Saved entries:
.....

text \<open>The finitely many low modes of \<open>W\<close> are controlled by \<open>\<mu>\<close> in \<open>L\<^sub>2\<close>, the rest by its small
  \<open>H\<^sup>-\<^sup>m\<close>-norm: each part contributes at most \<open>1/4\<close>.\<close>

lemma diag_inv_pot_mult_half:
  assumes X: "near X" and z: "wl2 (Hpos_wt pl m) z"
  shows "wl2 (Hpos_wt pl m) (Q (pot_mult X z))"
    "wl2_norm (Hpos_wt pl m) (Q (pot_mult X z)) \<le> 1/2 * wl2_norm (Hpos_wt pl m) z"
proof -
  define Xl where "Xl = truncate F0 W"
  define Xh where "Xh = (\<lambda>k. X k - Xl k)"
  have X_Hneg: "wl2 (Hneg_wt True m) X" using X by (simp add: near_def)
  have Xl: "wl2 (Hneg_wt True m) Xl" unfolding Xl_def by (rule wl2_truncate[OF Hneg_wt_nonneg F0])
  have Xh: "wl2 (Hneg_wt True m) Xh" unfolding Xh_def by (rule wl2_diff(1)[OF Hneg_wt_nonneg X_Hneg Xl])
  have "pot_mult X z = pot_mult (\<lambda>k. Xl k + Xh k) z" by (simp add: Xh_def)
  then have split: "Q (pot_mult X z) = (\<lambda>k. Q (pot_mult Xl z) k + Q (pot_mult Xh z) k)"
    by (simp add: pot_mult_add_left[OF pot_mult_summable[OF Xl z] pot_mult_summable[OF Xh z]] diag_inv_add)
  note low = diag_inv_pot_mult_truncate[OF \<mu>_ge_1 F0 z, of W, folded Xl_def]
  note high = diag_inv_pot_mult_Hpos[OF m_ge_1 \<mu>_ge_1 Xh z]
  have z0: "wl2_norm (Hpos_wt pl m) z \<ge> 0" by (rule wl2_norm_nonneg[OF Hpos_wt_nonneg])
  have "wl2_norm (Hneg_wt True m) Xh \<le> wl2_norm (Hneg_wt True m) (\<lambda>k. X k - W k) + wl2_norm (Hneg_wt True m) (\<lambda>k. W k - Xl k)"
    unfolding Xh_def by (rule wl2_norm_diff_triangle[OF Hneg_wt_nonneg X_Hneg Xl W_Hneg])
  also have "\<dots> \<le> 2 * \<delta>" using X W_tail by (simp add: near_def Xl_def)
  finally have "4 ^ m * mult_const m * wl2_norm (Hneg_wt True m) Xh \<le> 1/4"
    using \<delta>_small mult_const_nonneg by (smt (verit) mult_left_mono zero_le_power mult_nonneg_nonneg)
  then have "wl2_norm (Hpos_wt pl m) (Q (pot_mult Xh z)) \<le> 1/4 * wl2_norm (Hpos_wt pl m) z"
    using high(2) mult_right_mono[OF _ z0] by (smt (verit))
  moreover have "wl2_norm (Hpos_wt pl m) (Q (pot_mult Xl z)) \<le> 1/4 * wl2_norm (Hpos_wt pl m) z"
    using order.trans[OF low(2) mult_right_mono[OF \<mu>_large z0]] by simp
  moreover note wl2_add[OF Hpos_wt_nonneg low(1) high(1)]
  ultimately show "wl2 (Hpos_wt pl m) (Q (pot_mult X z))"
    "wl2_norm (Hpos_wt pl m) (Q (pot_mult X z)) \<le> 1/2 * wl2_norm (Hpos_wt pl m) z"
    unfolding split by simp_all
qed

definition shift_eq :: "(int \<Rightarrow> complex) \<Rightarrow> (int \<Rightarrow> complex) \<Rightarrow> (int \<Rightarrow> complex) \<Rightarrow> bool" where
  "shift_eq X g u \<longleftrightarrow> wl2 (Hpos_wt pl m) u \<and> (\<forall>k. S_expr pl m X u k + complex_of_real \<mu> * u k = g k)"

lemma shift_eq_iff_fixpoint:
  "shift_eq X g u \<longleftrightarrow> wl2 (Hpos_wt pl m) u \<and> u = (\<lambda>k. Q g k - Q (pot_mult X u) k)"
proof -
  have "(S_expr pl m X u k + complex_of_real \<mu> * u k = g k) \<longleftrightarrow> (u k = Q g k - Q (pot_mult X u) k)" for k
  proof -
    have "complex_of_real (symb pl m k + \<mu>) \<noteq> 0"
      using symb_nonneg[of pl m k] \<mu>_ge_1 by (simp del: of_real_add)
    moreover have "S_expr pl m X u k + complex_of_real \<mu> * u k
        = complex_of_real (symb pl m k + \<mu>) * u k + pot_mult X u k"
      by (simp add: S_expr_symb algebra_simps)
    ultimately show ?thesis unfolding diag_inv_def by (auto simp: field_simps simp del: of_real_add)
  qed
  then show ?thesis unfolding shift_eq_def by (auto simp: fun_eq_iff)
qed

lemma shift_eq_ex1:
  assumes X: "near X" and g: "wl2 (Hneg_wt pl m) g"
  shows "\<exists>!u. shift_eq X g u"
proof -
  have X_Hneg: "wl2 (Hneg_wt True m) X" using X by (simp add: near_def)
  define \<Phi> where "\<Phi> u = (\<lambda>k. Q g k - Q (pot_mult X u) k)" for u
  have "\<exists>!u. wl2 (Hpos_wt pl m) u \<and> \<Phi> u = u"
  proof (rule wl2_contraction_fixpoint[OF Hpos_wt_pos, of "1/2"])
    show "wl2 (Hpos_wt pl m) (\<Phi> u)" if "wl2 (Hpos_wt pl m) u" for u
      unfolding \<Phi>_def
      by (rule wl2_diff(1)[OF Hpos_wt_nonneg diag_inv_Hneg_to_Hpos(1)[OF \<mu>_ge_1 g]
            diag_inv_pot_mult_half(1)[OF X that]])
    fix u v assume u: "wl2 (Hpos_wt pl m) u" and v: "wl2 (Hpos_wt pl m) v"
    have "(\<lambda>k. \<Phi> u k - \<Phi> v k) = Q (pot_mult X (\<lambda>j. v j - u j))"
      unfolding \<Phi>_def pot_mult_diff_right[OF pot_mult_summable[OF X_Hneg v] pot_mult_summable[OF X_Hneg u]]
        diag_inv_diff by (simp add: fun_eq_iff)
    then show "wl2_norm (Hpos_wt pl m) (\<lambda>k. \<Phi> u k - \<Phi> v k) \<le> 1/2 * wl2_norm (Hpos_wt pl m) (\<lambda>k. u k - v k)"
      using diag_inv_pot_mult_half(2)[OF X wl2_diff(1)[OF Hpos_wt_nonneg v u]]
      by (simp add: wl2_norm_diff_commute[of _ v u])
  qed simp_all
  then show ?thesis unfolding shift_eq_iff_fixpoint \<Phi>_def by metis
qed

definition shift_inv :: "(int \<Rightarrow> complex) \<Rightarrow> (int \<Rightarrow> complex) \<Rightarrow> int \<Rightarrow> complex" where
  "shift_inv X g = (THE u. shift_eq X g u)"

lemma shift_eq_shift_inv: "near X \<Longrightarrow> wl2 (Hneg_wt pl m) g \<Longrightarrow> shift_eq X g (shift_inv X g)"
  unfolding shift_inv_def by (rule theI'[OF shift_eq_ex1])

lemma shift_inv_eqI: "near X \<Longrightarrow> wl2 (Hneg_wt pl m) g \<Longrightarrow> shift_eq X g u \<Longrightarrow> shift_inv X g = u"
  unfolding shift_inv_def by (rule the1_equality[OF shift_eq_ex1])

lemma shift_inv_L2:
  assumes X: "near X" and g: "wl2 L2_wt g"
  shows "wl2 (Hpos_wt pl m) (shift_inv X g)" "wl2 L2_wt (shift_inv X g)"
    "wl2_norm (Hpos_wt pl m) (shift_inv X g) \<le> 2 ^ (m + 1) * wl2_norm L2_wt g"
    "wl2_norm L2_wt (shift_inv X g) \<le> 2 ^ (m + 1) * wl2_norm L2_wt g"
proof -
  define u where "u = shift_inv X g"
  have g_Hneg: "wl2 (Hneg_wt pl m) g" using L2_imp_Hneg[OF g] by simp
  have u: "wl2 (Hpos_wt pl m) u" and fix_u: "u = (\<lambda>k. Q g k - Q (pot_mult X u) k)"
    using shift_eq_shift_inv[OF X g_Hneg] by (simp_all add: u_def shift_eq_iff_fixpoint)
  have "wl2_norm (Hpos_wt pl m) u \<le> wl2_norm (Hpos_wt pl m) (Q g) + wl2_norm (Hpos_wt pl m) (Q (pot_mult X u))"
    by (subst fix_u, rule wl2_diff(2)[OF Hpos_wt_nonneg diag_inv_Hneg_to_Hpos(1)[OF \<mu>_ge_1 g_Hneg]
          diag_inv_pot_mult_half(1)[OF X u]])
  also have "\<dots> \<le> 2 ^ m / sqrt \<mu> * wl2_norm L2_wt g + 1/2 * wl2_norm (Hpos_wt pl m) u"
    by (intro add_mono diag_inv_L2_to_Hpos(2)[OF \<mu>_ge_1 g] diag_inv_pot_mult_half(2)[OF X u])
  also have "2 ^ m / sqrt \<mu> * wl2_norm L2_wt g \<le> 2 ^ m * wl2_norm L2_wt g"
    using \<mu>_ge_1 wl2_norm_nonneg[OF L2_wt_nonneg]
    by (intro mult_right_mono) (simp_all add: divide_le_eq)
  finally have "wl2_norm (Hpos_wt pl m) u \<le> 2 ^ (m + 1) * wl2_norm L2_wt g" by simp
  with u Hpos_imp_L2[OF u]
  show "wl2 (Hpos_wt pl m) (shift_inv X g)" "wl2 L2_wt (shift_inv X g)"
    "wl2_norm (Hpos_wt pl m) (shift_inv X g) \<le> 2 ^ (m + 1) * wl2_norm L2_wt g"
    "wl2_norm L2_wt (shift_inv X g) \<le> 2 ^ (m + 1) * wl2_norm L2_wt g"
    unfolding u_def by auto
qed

.....

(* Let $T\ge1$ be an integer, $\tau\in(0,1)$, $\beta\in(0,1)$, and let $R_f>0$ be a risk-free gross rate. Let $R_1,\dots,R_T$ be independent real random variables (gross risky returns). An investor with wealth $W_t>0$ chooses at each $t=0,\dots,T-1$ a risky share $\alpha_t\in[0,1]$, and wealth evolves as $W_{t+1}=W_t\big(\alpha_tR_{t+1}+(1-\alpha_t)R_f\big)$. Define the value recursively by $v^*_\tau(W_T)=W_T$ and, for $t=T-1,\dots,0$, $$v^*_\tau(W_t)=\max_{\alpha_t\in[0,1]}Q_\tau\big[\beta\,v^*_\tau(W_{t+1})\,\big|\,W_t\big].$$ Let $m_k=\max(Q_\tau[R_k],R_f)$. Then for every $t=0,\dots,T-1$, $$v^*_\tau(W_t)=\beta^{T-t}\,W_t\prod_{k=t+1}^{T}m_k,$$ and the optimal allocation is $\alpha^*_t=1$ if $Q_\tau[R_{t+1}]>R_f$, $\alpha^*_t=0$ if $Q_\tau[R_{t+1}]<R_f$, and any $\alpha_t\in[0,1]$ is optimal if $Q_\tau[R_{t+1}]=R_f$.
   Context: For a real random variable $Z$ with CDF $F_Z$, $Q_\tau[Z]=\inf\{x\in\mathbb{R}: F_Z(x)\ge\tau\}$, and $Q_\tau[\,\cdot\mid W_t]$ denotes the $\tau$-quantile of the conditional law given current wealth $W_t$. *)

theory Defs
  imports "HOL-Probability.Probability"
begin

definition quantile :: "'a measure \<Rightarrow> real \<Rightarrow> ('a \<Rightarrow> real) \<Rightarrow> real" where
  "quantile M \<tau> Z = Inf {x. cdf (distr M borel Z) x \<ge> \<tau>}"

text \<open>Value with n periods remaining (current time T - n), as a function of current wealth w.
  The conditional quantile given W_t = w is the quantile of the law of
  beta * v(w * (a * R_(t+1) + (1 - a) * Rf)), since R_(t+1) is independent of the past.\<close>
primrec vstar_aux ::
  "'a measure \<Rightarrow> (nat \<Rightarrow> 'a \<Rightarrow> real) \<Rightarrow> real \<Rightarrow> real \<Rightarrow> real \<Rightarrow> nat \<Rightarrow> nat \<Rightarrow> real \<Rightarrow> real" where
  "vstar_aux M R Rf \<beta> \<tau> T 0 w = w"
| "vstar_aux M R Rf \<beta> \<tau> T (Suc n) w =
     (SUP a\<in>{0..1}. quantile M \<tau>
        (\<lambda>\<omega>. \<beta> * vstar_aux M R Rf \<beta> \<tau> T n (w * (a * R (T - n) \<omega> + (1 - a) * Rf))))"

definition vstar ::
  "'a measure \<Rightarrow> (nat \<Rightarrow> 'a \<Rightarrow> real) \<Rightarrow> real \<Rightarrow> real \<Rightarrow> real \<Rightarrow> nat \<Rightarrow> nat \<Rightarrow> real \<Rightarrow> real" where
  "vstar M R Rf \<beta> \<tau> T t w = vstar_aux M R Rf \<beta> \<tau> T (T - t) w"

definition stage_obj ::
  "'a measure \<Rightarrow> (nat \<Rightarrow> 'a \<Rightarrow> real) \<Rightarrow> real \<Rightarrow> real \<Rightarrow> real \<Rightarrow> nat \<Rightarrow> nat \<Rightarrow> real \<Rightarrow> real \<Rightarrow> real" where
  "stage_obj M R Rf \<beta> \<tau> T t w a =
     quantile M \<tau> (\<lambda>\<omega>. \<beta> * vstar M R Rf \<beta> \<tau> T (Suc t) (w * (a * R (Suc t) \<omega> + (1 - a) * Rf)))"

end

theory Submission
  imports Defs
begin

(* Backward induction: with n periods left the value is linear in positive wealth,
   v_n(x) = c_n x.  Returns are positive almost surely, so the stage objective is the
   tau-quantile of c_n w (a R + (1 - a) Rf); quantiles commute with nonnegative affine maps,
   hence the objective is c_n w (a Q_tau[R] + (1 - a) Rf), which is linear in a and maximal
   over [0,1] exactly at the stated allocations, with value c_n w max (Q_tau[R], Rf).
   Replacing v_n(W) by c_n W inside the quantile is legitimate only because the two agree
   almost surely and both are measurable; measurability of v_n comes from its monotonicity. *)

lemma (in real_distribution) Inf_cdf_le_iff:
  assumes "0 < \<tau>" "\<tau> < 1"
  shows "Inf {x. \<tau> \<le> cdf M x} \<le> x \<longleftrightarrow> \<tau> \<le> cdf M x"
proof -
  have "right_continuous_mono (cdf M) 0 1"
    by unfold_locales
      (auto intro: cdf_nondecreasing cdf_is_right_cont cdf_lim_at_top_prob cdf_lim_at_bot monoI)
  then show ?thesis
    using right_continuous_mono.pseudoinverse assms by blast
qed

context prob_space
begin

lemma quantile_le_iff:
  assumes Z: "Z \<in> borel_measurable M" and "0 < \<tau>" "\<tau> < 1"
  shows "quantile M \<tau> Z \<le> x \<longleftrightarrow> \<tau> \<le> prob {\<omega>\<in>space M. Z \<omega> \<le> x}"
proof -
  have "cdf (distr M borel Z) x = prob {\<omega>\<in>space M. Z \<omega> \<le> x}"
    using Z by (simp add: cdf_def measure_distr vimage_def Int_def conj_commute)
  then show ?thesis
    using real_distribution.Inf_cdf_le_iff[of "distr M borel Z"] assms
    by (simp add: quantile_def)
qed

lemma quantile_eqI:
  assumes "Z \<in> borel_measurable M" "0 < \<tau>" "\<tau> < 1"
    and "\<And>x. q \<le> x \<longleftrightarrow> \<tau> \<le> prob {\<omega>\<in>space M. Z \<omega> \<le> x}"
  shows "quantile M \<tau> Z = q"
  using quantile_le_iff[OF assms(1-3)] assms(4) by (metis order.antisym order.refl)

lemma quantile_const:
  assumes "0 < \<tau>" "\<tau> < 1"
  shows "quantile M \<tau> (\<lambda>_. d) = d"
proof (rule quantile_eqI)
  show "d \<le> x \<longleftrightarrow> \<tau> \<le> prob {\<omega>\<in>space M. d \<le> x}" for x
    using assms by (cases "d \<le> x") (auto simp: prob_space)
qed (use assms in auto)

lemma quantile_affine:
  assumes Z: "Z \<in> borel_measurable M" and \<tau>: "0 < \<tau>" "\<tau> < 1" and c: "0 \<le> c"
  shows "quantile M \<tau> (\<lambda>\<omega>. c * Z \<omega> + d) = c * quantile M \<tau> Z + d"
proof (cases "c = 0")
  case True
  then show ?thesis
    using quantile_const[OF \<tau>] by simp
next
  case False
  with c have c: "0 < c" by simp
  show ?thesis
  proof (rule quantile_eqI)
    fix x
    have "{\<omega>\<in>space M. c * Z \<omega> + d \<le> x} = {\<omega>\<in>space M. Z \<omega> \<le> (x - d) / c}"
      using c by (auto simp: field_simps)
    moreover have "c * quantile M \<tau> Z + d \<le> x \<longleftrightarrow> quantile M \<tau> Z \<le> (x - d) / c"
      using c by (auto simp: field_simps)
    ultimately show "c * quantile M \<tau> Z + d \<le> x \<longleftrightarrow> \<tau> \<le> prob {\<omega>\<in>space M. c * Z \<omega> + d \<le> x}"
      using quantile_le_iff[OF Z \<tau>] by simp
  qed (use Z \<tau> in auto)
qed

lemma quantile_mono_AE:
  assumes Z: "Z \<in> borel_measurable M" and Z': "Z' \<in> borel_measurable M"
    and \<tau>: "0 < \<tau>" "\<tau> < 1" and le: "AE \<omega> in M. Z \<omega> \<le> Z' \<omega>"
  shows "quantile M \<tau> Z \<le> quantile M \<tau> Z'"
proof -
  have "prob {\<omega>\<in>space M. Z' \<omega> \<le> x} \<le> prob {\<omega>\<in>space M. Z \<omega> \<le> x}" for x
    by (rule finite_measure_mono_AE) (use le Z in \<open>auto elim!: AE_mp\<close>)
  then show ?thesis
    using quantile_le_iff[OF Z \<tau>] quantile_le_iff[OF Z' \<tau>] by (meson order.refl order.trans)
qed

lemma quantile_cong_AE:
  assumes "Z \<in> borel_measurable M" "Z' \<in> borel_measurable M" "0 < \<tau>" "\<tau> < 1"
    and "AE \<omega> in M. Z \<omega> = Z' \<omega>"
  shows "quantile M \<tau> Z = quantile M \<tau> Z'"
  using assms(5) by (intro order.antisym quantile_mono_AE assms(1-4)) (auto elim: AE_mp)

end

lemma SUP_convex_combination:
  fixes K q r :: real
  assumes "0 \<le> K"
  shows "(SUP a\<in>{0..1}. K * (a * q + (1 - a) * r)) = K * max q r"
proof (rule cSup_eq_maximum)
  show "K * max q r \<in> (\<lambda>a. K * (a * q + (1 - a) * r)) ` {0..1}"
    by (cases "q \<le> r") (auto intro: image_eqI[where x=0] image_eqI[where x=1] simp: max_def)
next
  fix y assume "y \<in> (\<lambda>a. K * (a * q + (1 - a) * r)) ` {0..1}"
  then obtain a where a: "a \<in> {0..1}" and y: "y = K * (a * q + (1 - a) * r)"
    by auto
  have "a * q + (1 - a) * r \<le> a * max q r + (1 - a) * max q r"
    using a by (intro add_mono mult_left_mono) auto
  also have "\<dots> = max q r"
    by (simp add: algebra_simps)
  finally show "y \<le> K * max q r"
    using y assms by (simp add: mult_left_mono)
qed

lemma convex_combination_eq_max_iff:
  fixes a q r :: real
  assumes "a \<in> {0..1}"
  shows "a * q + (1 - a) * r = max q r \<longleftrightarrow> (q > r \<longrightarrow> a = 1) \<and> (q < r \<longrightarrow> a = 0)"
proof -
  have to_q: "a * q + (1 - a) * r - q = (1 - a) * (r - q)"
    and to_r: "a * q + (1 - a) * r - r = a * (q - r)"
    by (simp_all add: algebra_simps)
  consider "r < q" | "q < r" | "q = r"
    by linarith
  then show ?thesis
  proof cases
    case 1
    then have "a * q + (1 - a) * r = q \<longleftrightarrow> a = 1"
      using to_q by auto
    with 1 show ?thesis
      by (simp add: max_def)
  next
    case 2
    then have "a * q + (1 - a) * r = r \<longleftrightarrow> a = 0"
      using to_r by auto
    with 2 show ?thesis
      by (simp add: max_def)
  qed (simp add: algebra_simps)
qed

.....

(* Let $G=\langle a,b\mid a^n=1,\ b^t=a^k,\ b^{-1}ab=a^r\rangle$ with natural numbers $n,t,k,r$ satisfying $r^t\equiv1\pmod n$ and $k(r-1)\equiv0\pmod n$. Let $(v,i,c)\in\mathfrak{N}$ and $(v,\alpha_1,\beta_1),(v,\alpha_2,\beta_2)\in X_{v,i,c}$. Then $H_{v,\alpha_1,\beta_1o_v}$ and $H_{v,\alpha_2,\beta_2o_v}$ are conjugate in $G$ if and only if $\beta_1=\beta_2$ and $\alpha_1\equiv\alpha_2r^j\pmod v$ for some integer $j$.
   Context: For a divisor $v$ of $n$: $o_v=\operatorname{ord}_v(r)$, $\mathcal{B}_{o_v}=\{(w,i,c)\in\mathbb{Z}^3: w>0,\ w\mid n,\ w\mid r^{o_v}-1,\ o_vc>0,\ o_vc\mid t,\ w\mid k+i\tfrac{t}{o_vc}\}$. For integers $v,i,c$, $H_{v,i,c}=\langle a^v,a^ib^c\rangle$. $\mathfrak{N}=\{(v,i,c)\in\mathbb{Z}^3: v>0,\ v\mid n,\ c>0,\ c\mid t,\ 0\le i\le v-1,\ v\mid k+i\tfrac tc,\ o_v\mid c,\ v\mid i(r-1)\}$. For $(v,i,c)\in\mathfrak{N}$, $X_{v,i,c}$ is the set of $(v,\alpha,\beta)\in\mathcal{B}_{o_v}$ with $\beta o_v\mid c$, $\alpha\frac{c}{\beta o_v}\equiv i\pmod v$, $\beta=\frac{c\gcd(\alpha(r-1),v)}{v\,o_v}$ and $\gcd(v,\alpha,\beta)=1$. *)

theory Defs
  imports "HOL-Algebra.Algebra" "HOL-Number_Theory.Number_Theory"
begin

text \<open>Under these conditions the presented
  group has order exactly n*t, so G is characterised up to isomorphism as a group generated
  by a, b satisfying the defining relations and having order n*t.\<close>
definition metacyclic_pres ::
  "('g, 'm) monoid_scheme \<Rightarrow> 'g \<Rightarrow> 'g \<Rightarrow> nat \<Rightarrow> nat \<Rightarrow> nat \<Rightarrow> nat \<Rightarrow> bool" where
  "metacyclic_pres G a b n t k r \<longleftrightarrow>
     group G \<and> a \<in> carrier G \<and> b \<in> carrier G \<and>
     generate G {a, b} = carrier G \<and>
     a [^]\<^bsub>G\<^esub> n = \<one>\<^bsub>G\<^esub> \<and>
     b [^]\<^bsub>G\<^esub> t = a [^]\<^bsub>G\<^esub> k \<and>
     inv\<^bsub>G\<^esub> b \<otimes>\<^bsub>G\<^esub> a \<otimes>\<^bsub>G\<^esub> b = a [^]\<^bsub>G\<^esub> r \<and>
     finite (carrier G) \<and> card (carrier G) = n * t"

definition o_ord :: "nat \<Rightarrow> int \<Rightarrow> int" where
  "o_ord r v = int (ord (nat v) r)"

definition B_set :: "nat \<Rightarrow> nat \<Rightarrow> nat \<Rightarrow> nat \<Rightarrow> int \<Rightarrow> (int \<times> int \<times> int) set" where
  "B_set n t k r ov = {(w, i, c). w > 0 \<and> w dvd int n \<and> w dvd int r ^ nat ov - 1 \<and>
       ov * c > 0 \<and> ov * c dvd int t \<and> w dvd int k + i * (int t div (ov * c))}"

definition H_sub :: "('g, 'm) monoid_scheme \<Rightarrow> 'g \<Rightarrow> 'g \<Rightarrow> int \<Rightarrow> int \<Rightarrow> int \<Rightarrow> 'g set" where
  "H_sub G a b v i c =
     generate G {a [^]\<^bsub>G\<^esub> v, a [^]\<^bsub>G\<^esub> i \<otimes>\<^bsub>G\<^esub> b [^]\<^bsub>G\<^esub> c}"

.....

Look back at the entries above and repeat, unchanged, every line from the line holding "diag_inv_pot_mult_half(1)[OF X u]])" through the line holding "m) u \<le> 2".

          diag_inv_pot_mult_half(1)[OF X u]])
  also have "\<dots> \<le> 2 ^ m / sqrt \<mu> * wl2_norm L2_wt g + 1/2 * wl2_norm (Hpos_wt pl m) u"
    by (intro add_mono diag_inv_L2_to_Hpos(2)[OF \<mu>_ge_1 g] diag_inv_pot_mult_half(2)[OF X u])
  also have "2 ^ m / sqrt \<mu> * wl2_norm L2_wt g \<le> 2 ^ m * wl2_norm L2_wt g"
    using \<mu>_ge_1 wl2_norm_nonneg[OF L2_wt_nonneg]
    by (intro mult_right_mono) (simp_all add: divide_le_eq)
  finally have "wl2_norm (Hpos_wt pl m) u \<le> 2 ^ (m + 1) * wl2_norm L2_wt g" by simp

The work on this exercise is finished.